§ **Task to carry out**: Here are some records. Transcribe all of them exactly.

Start of Supplied entries

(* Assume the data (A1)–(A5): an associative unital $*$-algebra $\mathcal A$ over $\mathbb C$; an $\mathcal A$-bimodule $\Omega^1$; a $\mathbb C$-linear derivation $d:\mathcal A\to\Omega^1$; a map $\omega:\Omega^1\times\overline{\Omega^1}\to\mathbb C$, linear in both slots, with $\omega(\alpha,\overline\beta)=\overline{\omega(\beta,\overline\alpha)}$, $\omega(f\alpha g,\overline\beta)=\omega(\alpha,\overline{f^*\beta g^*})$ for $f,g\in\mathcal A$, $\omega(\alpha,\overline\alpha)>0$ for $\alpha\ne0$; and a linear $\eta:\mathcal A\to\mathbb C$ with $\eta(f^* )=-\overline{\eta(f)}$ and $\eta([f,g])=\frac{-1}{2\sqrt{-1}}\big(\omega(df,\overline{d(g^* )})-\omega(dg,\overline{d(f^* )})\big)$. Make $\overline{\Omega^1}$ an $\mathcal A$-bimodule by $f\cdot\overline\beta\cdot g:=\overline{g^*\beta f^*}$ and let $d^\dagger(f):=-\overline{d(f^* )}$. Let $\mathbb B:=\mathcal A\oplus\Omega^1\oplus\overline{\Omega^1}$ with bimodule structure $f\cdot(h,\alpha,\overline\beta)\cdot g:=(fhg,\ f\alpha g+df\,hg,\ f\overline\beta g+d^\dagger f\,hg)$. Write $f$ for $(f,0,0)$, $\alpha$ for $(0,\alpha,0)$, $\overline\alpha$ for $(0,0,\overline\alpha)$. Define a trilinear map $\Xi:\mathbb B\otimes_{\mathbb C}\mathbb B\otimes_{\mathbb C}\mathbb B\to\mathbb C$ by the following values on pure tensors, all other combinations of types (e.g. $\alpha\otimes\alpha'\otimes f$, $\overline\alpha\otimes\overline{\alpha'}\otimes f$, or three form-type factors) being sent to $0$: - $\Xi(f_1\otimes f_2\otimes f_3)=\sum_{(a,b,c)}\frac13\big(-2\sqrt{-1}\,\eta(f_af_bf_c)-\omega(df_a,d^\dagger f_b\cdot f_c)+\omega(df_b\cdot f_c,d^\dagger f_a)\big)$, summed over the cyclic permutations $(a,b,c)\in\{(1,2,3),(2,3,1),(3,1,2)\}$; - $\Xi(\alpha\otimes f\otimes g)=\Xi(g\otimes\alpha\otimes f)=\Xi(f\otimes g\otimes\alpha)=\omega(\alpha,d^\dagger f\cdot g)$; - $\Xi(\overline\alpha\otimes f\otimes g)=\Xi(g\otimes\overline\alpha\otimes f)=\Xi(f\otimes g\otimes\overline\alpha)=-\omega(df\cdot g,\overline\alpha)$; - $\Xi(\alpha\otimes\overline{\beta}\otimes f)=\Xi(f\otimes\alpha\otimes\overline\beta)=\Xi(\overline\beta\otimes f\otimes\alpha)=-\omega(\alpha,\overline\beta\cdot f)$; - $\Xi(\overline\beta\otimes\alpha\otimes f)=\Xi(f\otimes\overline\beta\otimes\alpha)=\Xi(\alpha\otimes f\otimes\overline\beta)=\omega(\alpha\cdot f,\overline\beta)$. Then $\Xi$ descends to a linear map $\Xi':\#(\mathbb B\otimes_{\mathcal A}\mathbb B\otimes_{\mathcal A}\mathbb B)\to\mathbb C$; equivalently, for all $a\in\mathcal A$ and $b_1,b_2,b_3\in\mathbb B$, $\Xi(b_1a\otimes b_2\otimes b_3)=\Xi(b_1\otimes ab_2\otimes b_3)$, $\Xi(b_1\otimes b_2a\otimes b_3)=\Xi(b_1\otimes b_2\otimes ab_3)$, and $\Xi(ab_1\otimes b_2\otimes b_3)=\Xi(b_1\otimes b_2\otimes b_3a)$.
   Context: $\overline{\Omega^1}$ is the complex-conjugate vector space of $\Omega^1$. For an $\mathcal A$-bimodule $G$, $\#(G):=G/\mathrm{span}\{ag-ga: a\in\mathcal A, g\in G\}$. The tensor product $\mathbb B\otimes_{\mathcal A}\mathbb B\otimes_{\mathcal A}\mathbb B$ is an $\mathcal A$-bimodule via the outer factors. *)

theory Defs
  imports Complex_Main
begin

End of Supplied entries

§ **Exercise response**:
(* Assume the data (A1)–(A5): an associative unital $*$-algebra $\mathcal A$ over $\mathbb C$; an $\mathcal A$-bimodule $\Omega^1$; a $\mathbb C$-linear derivation $d:\mathcal A\to\Omega^1$; a map $\omega:\Omega^1\times\overline{\Omega^1}\to\mathbb C$, linear in both slots, with $\omega(\alpha,\overline\beta)=\overline{\omega(\beta,\overline\alpha)}$, $\omega(f\alpha g,\overline\beta)=\omega(\alpha,\overline{f^*\beta g^*})$ for $f,g\in\mathcal A$, $\omega(\alpha,\overline\alpha)>0$ for $\alpha\ne0$; and a linear $\eta:\mathcal A\to\mathbb C$ with $\eta(f^* )=-\overline{\eta(f)}$ and $\eta([f,g])=\frac{-1}{2\sqrt{-1}}\big(\omega(df,\overline{d(g^* )})-\omega(dg,\overline{d(f^* )})\big)$. Make $\overline{\Omega^1}$ an $\mathcal A$-bimodule by $f\cdot\overline\beta\cdot g:=\overline{g^*\beta f^*}$ and let $d^\dagger(f):=-\overline{d(f^* )}$. Let $\mathbb B:=\mathcal A\oplus\Omega^1\oplus\overline{\Omega^1}$ with bimodule structure $f\cdot(h,\alpha,\overline\beta)\cdot g:=(fhg,\ f\alpha g+df\,hg,\ f\overline\beta g+d^\dagger f\,hg)$. Write $f$ for $(f,0,0)$, $\alpha$ for $(0,\alpha,0)$, $\overline\alpha$ for $(0,0,\overline\alpha)$. Define a trilinear map $\Xi:\mathbb B\otimes_{\mathbb C}\mathbb B\otimes_{\mathbb C}\mathbb B\to\mathbb C$ by the following values on pure tensors, all other combinations of types (e.g. $\alpha\otimes\alpha'\otimes f$, $\overline\alpha\otimes\overline{\alpha'}\otimes f$, or three form-type factors) being sent to $0$: - $\Xi(f_1\otimes f_2\otimes f_3)=\sum_{(a,b,c)}\frac13\big(-2\sqrt{-1}\,\eta(f_af_bf_c)-\omega(df_a,d^\dagger f_b\cdot f_c)+\omega(df_b\cdot f_c,d^\dagger f_a)\big)$, summed over the cyclic permutations $(a,b,c)\in\{(1,2,3),(2,3,1),(3,1,2)\}$; - $\Xi(\alpha\otimes f\otimes g)=\Xi(g\otimes\alpha\otimes f)=\Xi(f\otimes g\otimes\alpha)=\omega(\alpha,d^\dagger f\cdot g)$; - $\Xi(\overline\alpha\otimes f\otimes g)=\Xi(g\otimes\overline\alpha\otimes f)=\Xi(f\otimes g\otimes\overline\alpha)=-\omega(df\cdot g,\overline\alpha)$; - $\Xi(\alpha\otimes\overline{\beta}\otimes f)=\Xi(f\otimes\alpha\otimes\overline\beta)=\Xi(\overline\beta\otimes f\otimes\alpha)=-\omega(\alpha,\overline\beta\cdot f)$; - $\Xi(\overline\beta\otimes\alpha\otimes f)=\Xi(f\otimes\overline\beta\otimes\alpha)=\Xi(\alpha\otimes f\otimes\overline\beta)=\omega(\alpha\cdot f,\overline\beta)$. Then $\Xi$ descends to a linear map $\Xi':\#(\mathbb B\otimes_{\mathcal A}\mathbb B\otimes_{\mathcal A}\mathbb B)\to\mathbb C$; equivalently, for all $a\in\mathcal A$ and $b_1,b_2,b_3\in\mathbb B$, $\Xi(b_1a\otimes b_2\otimes b_3)=\Xi(b_1\otimes ab_2\otimes b_3)$, $\Xi(b_1\otimes b_2a\otimes b_3)=\Xi(b_1\otimes b_2\otimes ab_3)$, and $\Xi(ab_1\otimes b_2\otimes b_3)=\Xi(b_1\otimes b_2\otimes b_3a)$.
   Context: $\overline{\Omega^1}$ is the complex-conjugate vector space of $\Omega^1$. For an $\mathcal A$-bimodule $G$, $\#(G):=G/\mathrm{span}\{ag-ga: a\in\mathcal A, g\in G\}$. The tensor product $\mathbb B\otimes_{\mathcal A}\mathbb B\otimes_{\mathcal A}\mathbb B$ is an $\mathcal A$-bimodule via the outer factors. *)

theory Defs
  imports Complex_Main
begin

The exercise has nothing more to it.